## Exercise requirements
In the listing below, locate the lines that hold the string "open". Copy those lines.

## Record excerpts
————

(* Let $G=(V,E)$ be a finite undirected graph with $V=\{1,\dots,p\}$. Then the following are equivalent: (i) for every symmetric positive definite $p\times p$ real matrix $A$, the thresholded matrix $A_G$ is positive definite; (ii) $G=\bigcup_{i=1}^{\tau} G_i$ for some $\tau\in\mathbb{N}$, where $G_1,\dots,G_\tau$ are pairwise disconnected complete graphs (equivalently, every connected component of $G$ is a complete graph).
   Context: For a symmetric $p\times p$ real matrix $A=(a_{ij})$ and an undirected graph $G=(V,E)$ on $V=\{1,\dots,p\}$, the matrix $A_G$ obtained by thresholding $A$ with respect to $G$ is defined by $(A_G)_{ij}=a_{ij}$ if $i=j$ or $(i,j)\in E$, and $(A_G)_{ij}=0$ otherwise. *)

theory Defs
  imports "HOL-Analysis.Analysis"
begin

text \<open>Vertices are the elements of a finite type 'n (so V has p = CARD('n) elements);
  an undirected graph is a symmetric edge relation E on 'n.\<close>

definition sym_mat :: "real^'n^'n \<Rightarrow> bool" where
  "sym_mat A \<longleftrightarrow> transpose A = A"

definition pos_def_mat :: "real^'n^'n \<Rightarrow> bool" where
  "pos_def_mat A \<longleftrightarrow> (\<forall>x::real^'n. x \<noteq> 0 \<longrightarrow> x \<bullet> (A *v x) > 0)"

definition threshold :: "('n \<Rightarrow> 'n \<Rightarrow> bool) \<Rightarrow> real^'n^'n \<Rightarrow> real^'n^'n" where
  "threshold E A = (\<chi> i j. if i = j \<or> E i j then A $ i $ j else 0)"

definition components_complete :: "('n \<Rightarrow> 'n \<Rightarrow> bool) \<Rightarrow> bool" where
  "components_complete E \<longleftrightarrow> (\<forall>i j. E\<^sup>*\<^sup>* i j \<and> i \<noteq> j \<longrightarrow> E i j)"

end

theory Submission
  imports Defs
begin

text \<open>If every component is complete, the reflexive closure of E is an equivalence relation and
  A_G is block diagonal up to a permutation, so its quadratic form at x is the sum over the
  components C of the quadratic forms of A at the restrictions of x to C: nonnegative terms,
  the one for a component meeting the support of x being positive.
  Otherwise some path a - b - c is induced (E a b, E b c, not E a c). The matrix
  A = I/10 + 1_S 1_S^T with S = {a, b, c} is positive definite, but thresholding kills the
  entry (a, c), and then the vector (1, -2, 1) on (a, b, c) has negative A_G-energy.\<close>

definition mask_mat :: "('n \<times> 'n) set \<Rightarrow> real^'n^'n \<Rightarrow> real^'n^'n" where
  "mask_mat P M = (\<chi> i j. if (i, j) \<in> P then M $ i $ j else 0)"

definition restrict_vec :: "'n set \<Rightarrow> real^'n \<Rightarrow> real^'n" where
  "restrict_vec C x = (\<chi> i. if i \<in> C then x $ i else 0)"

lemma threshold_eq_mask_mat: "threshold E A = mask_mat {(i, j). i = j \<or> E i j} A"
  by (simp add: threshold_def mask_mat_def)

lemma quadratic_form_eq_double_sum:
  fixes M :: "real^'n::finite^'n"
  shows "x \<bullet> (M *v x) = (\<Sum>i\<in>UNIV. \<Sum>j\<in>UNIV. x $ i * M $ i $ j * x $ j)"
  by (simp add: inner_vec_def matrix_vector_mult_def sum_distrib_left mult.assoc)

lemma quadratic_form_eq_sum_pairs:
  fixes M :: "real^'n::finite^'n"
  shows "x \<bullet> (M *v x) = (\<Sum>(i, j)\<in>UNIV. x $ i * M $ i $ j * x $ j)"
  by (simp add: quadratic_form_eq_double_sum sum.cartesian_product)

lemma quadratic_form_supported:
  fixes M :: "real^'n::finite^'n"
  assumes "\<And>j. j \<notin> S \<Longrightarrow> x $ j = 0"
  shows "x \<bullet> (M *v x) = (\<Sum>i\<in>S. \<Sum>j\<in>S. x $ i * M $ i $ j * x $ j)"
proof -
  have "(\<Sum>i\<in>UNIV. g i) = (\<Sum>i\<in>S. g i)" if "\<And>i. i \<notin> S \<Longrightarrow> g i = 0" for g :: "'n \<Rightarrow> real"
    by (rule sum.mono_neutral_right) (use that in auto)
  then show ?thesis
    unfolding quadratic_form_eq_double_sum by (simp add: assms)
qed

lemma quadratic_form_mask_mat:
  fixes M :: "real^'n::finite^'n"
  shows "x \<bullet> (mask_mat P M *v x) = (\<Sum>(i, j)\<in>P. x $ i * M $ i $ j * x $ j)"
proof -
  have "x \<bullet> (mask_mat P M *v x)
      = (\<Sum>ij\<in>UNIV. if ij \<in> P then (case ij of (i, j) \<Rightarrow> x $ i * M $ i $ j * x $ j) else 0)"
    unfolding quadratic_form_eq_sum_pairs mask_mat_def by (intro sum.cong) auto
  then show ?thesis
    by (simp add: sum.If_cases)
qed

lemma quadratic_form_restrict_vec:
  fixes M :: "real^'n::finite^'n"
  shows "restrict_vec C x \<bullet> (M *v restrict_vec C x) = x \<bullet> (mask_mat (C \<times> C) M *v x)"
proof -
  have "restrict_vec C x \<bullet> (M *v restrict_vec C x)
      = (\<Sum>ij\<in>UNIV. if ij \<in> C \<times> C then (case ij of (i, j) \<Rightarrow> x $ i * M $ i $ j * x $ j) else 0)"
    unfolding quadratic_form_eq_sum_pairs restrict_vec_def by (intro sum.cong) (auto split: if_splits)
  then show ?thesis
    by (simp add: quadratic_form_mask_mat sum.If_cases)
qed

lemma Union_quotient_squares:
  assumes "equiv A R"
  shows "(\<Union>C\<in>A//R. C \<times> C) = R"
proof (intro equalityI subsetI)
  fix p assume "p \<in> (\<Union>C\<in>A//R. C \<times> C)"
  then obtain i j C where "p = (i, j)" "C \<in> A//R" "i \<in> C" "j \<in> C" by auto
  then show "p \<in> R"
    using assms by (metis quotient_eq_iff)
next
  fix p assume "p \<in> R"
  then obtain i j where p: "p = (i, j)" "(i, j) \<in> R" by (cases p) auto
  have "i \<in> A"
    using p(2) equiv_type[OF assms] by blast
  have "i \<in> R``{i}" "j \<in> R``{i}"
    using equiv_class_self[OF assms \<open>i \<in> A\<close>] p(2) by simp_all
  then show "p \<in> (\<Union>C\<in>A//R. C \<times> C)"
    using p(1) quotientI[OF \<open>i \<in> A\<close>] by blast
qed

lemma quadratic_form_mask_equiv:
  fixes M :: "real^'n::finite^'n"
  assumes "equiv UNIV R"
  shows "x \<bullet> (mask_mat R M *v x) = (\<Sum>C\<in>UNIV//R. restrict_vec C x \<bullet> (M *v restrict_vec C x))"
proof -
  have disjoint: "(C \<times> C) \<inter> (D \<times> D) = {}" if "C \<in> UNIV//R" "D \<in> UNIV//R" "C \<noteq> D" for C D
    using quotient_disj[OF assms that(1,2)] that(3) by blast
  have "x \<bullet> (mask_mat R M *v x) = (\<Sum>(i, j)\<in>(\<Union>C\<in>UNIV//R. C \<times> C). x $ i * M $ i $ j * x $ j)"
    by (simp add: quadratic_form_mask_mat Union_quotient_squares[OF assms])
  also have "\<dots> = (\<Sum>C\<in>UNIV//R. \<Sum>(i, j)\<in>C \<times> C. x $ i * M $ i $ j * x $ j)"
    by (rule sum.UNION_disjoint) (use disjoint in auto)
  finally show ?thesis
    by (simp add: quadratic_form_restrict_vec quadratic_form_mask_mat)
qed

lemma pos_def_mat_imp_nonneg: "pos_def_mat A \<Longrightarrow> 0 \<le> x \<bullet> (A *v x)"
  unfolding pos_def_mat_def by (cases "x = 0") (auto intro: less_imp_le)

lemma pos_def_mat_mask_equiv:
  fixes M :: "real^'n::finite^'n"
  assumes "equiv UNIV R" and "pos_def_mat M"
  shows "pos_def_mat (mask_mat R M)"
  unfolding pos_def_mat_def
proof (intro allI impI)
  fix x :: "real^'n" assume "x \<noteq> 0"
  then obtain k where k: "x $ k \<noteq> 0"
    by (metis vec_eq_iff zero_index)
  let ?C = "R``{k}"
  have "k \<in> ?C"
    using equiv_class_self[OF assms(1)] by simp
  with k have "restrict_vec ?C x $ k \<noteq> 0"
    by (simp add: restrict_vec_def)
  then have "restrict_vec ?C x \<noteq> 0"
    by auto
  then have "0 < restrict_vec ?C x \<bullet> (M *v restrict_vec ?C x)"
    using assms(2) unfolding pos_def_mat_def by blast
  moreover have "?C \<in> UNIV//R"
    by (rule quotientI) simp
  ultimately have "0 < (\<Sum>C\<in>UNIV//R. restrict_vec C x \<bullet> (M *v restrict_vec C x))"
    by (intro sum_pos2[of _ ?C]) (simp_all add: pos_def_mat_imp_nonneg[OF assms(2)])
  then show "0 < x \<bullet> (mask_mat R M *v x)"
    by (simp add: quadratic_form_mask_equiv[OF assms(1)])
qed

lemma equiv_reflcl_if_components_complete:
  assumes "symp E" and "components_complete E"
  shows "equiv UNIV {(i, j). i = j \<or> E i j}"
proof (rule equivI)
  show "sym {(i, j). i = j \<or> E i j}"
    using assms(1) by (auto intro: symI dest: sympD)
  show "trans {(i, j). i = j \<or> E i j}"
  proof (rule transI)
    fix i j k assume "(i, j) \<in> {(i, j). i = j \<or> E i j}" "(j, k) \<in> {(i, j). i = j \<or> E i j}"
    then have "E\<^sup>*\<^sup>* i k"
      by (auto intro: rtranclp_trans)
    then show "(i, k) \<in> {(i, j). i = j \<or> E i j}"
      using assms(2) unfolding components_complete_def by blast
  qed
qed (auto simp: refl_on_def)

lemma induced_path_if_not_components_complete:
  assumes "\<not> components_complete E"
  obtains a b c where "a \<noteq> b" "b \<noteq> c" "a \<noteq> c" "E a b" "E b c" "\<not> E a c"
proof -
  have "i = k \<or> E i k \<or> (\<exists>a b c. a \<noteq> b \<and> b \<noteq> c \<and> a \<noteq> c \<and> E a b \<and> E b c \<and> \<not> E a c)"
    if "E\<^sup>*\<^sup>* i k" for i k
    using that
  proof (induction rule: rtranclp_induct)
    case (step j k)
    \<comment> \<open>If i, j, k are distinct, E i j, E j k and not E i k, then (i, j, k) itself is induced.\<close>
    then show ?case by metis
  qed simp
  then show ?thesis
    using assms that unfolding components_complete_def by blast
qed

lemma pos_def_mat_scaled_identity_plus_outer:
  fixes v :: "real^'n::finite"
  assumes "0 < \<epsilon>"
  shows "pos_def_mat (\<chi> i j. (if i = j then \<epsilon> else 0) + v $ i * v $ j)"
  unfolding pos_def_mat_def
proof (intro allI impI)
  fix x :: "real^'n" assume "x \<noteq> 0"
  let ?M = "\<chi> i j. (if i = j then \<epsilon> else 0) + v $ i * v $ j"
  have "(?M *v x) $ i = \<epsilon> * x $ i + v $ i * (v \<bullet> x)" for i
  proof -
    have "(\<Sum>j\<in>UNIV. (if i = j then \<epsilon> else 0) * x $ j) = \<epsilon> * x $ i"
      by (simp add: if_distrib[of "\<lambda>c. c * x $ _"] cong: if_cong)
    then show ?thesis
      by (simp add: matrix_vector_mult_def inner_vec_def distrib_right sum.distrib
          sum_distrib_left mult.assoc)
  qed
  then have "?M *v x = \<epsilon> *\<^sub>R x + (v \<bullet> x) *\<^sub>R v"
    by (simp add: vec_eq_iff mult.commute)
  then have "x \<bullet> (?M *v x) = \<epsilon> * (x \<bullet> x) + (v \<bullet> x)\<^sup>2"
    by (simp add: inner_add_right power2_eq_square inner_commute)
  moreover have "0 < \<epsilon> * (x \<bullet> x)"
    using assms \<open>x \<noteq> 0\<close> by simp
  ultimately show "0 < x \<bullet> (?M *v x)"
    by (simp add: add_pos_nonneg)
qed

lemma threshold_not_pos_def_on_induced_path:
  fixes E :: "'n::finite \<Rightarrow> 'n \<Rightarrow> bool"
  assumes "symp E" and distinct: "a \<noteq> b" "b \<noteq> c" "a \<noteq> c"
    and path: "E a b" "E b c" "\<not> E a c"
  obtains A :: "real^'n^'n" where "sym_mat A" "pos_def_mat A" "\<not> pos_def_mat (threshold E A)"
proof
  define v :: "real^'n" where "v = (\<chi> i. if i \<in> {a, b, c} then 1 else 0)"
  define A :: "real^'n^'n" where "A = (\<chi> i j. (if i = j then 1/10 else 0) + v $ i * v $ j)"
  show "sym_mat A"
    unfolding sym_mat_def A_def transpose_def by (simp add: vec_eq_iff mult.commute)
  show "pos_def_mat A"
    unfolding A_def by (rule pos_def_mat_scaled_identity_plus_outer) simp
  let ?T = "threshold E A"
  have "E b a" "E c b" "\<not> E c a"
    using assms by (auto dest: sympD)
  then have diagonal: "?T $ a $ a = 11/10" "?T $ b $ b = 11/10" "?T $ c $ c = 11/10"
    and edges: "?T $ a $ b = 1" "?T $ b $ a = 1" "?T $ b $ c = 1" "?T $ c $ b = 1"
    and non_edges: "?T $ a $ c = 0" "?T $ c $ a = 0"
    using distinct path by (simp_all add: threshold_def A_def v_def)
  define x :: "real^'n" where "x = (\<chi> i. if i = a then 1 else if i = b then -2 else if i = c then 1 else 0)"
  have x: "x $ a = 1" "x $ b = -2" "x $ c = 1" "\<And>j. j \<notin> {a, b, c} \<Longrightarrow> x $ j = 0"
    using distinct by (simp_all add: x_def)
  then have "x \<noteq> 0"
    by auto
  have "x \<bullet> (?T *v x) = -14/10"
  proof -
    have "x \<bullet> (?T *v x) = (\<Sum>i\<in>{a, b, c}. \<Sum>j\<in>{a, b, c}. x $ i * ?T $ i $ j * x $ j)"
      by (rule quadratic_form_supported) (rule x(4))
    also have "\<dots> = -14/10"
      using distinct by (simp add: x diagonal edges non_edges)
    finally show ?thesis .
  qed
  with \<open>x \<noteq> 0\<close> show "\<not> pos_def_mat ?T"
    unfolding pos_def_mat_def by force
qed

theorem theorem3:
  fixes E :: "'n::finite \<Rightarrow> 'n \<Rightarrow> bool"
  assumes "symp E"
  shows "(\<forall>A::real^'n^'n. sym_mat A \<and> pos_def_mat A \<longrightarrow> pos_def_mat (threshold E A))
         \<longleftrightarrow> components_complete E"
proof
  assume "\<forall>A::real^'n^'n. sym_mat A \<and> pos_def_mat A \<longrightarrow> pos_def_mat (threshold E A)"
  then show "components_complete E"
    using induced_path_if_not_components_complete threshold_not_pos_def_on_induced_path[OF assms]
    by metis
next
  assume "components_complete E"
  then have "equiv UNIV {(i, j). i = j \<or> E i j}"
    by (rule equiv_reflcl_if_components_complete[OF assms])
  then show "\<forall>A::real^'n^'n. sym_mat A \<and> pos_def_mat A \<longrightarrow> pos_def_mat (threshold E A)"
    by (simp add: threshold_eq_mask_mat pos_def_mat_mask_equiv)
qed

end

————

## Output
text \<open>Vertices are the elements of a finite type 'n (so V has p = CARD('n) elements);
text \<open>If every component is complete, the reflexive closure of E is an equivalence relation and
    using equiv_class_self[OF assms \<open>i \<in> A\<close>] p(2) by simp_all
    using p(1) quotientI[OF \<open>i \<in> A\<close>] by blast
    \<comment> \<open>If i, j, k are distinct, E i j, E j k and not E i k, then (i, j, k) itself is induced.\<close>
    using assms \<open>x \<noteq> 0\<close> by simp
  with \<open>x \<noteq> 0\<close> show "\<not> pos_def_mat ?T"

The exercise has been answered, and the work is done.